Assessing Reliability of AI-driven Hypotheses in Static and Dynamic Environments and Its Application to Medical Science

Research Director
Ichiro Takeuchi

Professor
Graduate School of Engineering
Nagoya University

Collaborator
Atsushi Kawaguchi Professor
Department of Medicine
Saga University
Jun Sakuma Professor
School of Computing
Tokyo Institute of Technology
Shigeyuki Matsui Professor
Department of Medicine
Nagoya University
Hiroaki Miyoshi Associate Professor
School of Medicine
Kurume University
Outline

We develop a mathematical and computational framework for assessing the reliability of AI-driven hypotheses for AI-driven science and technology by extending the traditional statistical hypothesis testing framework. Our main focus is to develop new theories, algorithms, and software for statistical hypothesis testing that is valid for adaptively constructed AI-driven hypotheses. We study AI-driven hypotheses in static and dynamic environments and pursue how to evaluate their reliability from both theoretical and practical perspectives.
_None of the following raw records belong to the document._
lemma minimax_two_functions:
  fixes f g :: "'a::topological_space \<Rightarrow> real"
  assumes X: "compact X" and f: "continuous_on X f" and g: "continuous_on X g"
    and fg: "affinelike X {f, g}" and exceeds: "\<And>x. x \<in> X \<Longrightarrow> c < f x \<or> c < g x"
  shows "\<exists>t\<in>{0..1}. \<forall>x\<in>X. c < t * f x + (1 - t) * g x"
proof (cases "X = {}")
  case False
  define G where "G = (\<lambda>x. (f x, g x)) ` X"
  define Q where "Q = {p :: real \<times> real. fst p \<le> c \<and> snd p \<le> c}"
  have "compact G"
    unfolding G_def by (intro compact_continuous_image continuous_on_Pair f g X)
  moreover have "convex G"
    unfolding convex_alt G_def
  proof (intro ballI allI impI)
    fix p p' and t :: real
    assume "p \<in> (\<lambda>x. (f x, g x)) ` X" "p' \<in> (\<lambda>x. (f x, g x)) ` X" "0 \<le> t \<and> t \<le> 1"
    then obtain x x' where "x \<in> X" "x' \<in> X" "p = (f x, g x)" "p' = (f x', g x')" "1 - t \<in> {0..1}"
      by auto
    moreover from this obtain z where "z \<in> X" "\<forall>h\<in>{f, g}. h z = (1 - t) * h x + (1 - (1 - t)) * h x'"
      using affinelikeD[OF fg] by meson
    ultimately show "(1 - t) *\<^sub>R p + t *\<^sub>R p' \<in> (\<lambda>x. (f x, g x)) ` X"
      by (auto intro!: image_eqI[where x = z])
  qed
  moreover have "convex Q" "closed Q"
    unfolding Q_def by (auto simp: convex_alt intro!: closed_Collect_conj closed_Collect_le
        continuous_intros convex_bound_le)
  moreover have "Q \<inter> G = {}" "G \<noteq> {}"
    using exceeds False unfolding Q_def G_def by force+
  \<comment> \<open>The quadrant \<open>Q\<close> is unbounded below, so the normal of a line separating it from \<open>G\<close>
    has nonnegative entries; normalised, it is the weight \<open>t\<close>.\<close>
  ultimately obtain a b where
    Q: "\<forall>p\<in>Q. inner a p < b" and G: "\<forall>p\<in>G. b < inner a p"
    using separating_hyperplane_closed_compact by metis
  obtain a1 a2 where a: "a = (a1, a2)" by (cases a)
  have below: "a1 * p1 + a2 * p2 < b" if "p1 \<le> c" "p2 \<le> c" for p1 p2
    using Q that unfolding a Q_def by (auto simp: inner_prod_def)
  have above: "b < a1 * f x + a2 * g x" if "x \<in> X" for x
    using G that unfolding a G_def by (auto simp: inner_prod_def)
  have "0 \<le> a1"
  proof (rule ccontr)
    assume "\<not> 0 \<le> a1"
    with below[of "c + (b - (a1 + a2) * c) / a1" c] below[of c c] show False
      by (simp add: field_simps)
  qed
  moreover have "0 \<le> a2"
  proof (rule ccontr)
    assume "\<not> 0 \<le> a2"
    with below[of c "c + (b - (a1 + a2) * c) / a2"] below[of c c] show False
      by (simp add: field_simps)
  qed
  moreover obtain x0 where "x0 \<in> X" using False by auto
  ultimately have pos: "0 < a1 + a2"
    using below[of c c] above[of x0] by (cases "a1 = 0 \<and> a2 = 0") auto
  have "c < (a1 / (a1 + a2)) * f x + (1 - a1 / (a1 + a2)) * g x" if "x \<in> X" for x
  proof -
    have "(a1 + a2) * c < a1 * f x + a2 * g x"
      using below[of c c] above[OF that] by (simp add: algebra_simps)
    moreover have "(a1 / (a1 + a2)) * f x + (1 - a1 / (a1 + a2)) * g x
        = (a1 * f x + a2 * g x) / (a1 + a2)"
      using pos by (simp add: diff_divide_eq_iff add_divide_distrib)
    ultimately show ?thesis
      using pos by (simp add: pos_less_divide_eq mult.commute)
  qed
  moreover have "a1 / (a1 + a2) \<in> {0..1}"
    using \<open>0 \<le> a1\<close> \<open>0 \<le> a2\<close> pos by auto
  ultimately show ?thesis by blast
qed (intro bexI[of _ 0], auto)

lemma minimax_finite_cover:
  fixes L :: "'a::topological_space \<Rightarrow> 'b \<Rightarrow> real"
  assumes "finite Y" "Y \<subseteq> D" "D \<noteq> {}" "compact X"
    and cont: "\<And>y. y \<in> D \<Longrightarrow> continuous_on UNIV (\<lambda>x. L x y)"
    and "affinelike X ((\<lambda>y x. L x y) ` D)" "affinelike D (L ` X)"
    and "\<And>x. x \<in> X \<Longrightarrow> \<exists>y\<in>Y. c < L x y"
  shows "\<exists>z\<in>D. \<forall>x\<in>X. c < L x z"
  using assms(1,2,4,6,7,8)
proof (induction Y arbitrary: X rule: finite_induct)
  case empty
  then show ?case using \<open>D \<noteq> {}\<close> by auto
next
  case (insert y0 Y)
  then have y0: "y0 \<in> D" by simp
  \<comment> \<open>On \<open>X'\<close> the smaller cover \<open>Y\<close> suffices; the two-function case mixes its witness with \<open>y0\<close>.\<close>
  define X' where "X' = X \<inter> {x. L x y0 \<le> c}"
  have "compact X'"
    unfolding X'_def using \<open>compact X\<close> cont[OF y0]
    by (intro compact_Int_closed closed_Collect_le continuous_intros) auto
  moreover have "affinelike X' ((\<lambda>y x. L x y) ` D)"
    unfolding affinelike_def
  proof (intro ballI)
    fix x x' and t :: real
    assume x: "x \<in> X'" "x' \<in> X'" and t: "t \<in> {0..1}"
    then obtain z where z: "z \<in> X" "\<forall>y\<in>D. L z y = t * L x y + (1 - t) * L x' y"
      using affinelikeD[OF \<open>affinelike X ((\<lambda>y x. L x y) ` D)\<close>, of x x' t]
      unfolding X'_def by auto
    have "t * L x y0 + (1 - t) * L x' y0 \<le> t * c + (1 - t) * c"
      using x t unfolding X'_def by (intro add_mono mult_left_mono) auto
    moreover have "L z y0 = t * L x y0 + (1 - t) * L x' y0"
      using z y0 by blast
    ultimately have "z \<in> X'"
      using z(1) unfolding X'_def by (simp add: algebra_simps)
    with z show "\<exists>z\<in>X'. \<forall>f\<in>(\<lambda>y x. L x y) ` D. f z = t * f x + (1 - t) * f x'"
      by auto
  qed
  moreover have "affinelike D (L ` X')"
    using insert.prems(4) by (rule affinelike_subset) (auto simp: X'_def)
  moreover have "\<exists>y\<in>Y. c < L x y" if "x \<in> X'" for x
    using insert.prems(5) that unfolding X'_def by force
  ultimately obtain z where z: "z \<in> D" "\<forall>x\<in>X'. c < L x z"
    using insert.IH insert.prems(1) by blast
  have "\<exists>t\<in>{0..1}. \<forall>x\<in>X. c < t * L x z + (1 - t) * L x y0"
  proof (rule minimax_two_functions)
    show "continuous_on X (\<lambda>x. L x z)" "continuous_on X (\<lambda>x. L x y0)"
      using cont z(1) y0 continuous_on_subset by blast+
    show "affinelike X {\<lambda>x. L x z, \<lambda>x. L x y0}"
      using insert.prems(3) by (rule affinelike_subset) (use z(1) y0 in auto)
    show "c < L x z \<or> c < L x y0" if "x \<in> X" for x
      using z(2) that unfolding X'_def by force
  qed fact
  then obtain t where "t \<in> {0..1}" "\<forall>x\<in>X. c < t * L x z + (1 - t) * L x y0"
    by blast
  moreover obtain z' where "z' \<in> D" "\<forall>x\<in>X. L x z' = t * L x z + (1 - t) * L x y0"
    using affinelikeD[OF insert.prems(4) z(1) y0 \<open>t \<in> {0..1}\<close>] by auto
  ultimately show ?case by metis
qed

theorem minimax_compact:
  fixes L :: "'a::topological_space \<Rightarrow> 'b \<Rightarrow> real"
  assumes "D \<noteq> {}" "compact X"
    and cont: "\<And>y. y \<in> D \<Longrightarrow> continuous_on UNIV (\<lambda>x. L x y)"
    and "affinelike X ((\<lambda>y x. L x y) ` D)" "affinelike D (L ` X)"
    and exceeds: "\<And>x. x \<in> X \<Longrightarrow> \<exists>y\<in>D. c < L x y"
  shows "\<exists>z\<in>D. \<forall>x\<in>X. c < L x z"
proof -
  have "open {x. c < L x y}" if "y \<in> D" for y
    using cont[OF that] by (auto intro!: open_Collect_less continuous_intros)
  moreover have "X \<subseteq> (\<Union>y\<in>D. {x. c < L x y})"
    using exceeds by auto
  ultimately obtain Y where "Y \<subseteq> D" "finite Y" "X \<subseteq> (\<Union>y\<in>Y. {x. c < L x y})"
    using compactE_image[OF \<open>compact X\<close>] by metis
  then show ?thesis
    using minimax_finite_cover[of Y D X L] assms by blast
qed

section \<open>Divergence and total variation\<close>

lemma sup_norm_le_1_iff: "sup_norm (q :: 'v::finite \<Rightarrow> 'v \<Rightarrow> real) \<le> 1 \<longleftrightarrow> (\<forall>x y. \<bar>q x y\<bar> \<le> 1)"
proof -
  have eq: "{\<bar>q x y\<bar> | x y. True} = (\<lambda>(x, y). \<bar>q x y\<bar>) ` UNIV"
    by auto
  show ?thesis
    unfolding sup_norm_def eq by (subst Max_le_iff) auto
qed

lemma sum_mult_divw_eq:
  fixes w :: "'v::finite \<Rightarrow> 'v \<Rightarrow> real"
  assumes sym: "\<And>x y. w x y = w y x"
  shows "(\<Sum>x\<in>UNIV. u x * divw w q x) = 1/2 * (\<Sum>x\<in>UNIV. \<Sum>y\<in>UNIV. w x y * q x y * (u x - u y))"
proof -
  have "(\<Sum>x\<in>UNIV. u x * divw w q x) = 1/2 * ((\<Sum>x\<in>UNIV. \<Sum>y\<in>UNIV. w x y * q x y * u x)
        - (\<Sum>x\<in>UNIV. \<Sum>y\<in>UNIV. w x y * q y x * u x))"
    unfolding divw_def by (simp add: sum_distrib_left sum_subtractf algebra_simps)
  also have "(\<Sum>x\<in>UNIV. \<Sum>y\<in>UNIV. w x y * q y x * u x) = (\<Sum>x\<in>UNIV. \<Sum>y\<in>UNIV. w x y * q x y * u y)"
    using sym by (subst sum.swap) simp
  finally show ?thesis
    by (simp add: sum_subtractf[symmetric] algebra_simps)
qed

lemma sum_mult_divw_le_TVw:
  fixes w :: "'v::finite \<Rightarrow> 'v \<Rightarrow> real"
  assumes "\<And>x y. w x y = w y x" and "\<And>x y. 0 \<le> w x y" and "\<And>x y. \<bar>q x y\<bar> \<le> 1"
  shows "(\<Sum>x\<in>UNIV. u x * divw w q x) \<le> TVw w u"
proof -
  have "w x y * q x y * (u x - u y) \<le> w x y * \<bar>u y - u x\<bar>" for x y
  proof -
    have "q x y * (u x - u y) \<le> \<bar>q x y\<bar> * \<bar>u y - u x\<bar>"
      by (metis abs_ge_self abs_minus_commute abs_mult)
    also have "\<dots> \<le> \<bar>u y - u x\<bar>"
      using assms(3)[of x y] by (simp add: mult_left_le_one_le)
    finally show ?thesis
      using assms(2)[of x y] by (simp add: mult.assoc mult_left_mono)
  qed
  then show ?thesis
    unfolding sum_mult_divw_eq[OF assms(1)] TVw_def by (intro mult_left_mono sum_mono) auto
qed

lemma sum_mult_divw_sgn_eq_TVw:
  fixes w :: "'v::finite \<Rightarrow> 'v \<Rightarrow> real"
  assumes "\<And>x y. w x y = w y x"
  shows "(\<Sum>x\<in>UNIV. u x * divw w (\<lambda>a b. sgn (u a - u b)) x) = TVw w u"
proof -
  have "w x y * sgn (u x - u y) * (u x - u y) = w x y * \<bar>u y - u x\<bar>" for x y
    by (simp add: mult.assoc abs_minus_commute abs_real_def sgn_real_def)
  then show ?thesis
    unfolding sum_mult_divw_eq[OF assms] TVw_def by (simp only:)
qed

lemma divw_convex_comb:
  "divw w (\<lambda>a b. t * q a b + (1 - t) * q' a b) x = t * divw w q x + (1 - t) * divw w q' x"
proof -
  have "divw w (\<lambda>a b. t * q a b + (1 - t) * q' a b) x
      = 1/2 * (\<Sum>y\<in>UNIV. t * (w x y * (q x y - q y x)) + (1 - t) * (w x y * (q' x y - q' y x)))"
    unfolding divw_def by (simp add: algebra_simps)
  also have "\<dots> = t * divw w q x + (1 - t) * divw w q' x"
    unfolding divw_def sum_convex_comb by algebra
  finally show ?thesis .
qed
We develop a protocol for evaluating the reliability of AI medical technology based on the mathematical and computational framework and demonstrate the protocol through the development of an AI-based pathological diagnosis system for malignant lymphoma.

Seiji Yamada

Trust Interaction Design for Convincing Human-AI Cooperative Decision Making and its Social Penetration

Research Director
Seiji Yamada


Professor National Institute of Informatics Digital Content and Media Sciences Research Division

Collaborator
Tetsuo Ono Professor
Faculty of Information Science and Technology
Hokkaido University
Hirokasu Kumazaki Professor
Institute of Biomedical Sciences
Nagasaki University
Kazunori Terada Professor
Faculty of Engineering
Gifu University
Takashi Hara Professor
Faculty of Engineering
Gifu University
Outline

Our purpose is to build human-AI cooperative decision-making systems for trustworthy AI. In this project, we develop trust calibration AI (TCAI) which can detect over/under-trust by monitoring humans’ selection behaviors in human-AI collaboration and adaptively facilitate humans’ trust calibration by themselves. The TCAI uses calibration cues as stimuli that facilitate humans’ voluntary trust calibration. Finally, we apply the TCAI to human-AI cooperative imaging diagnosis and medical examination.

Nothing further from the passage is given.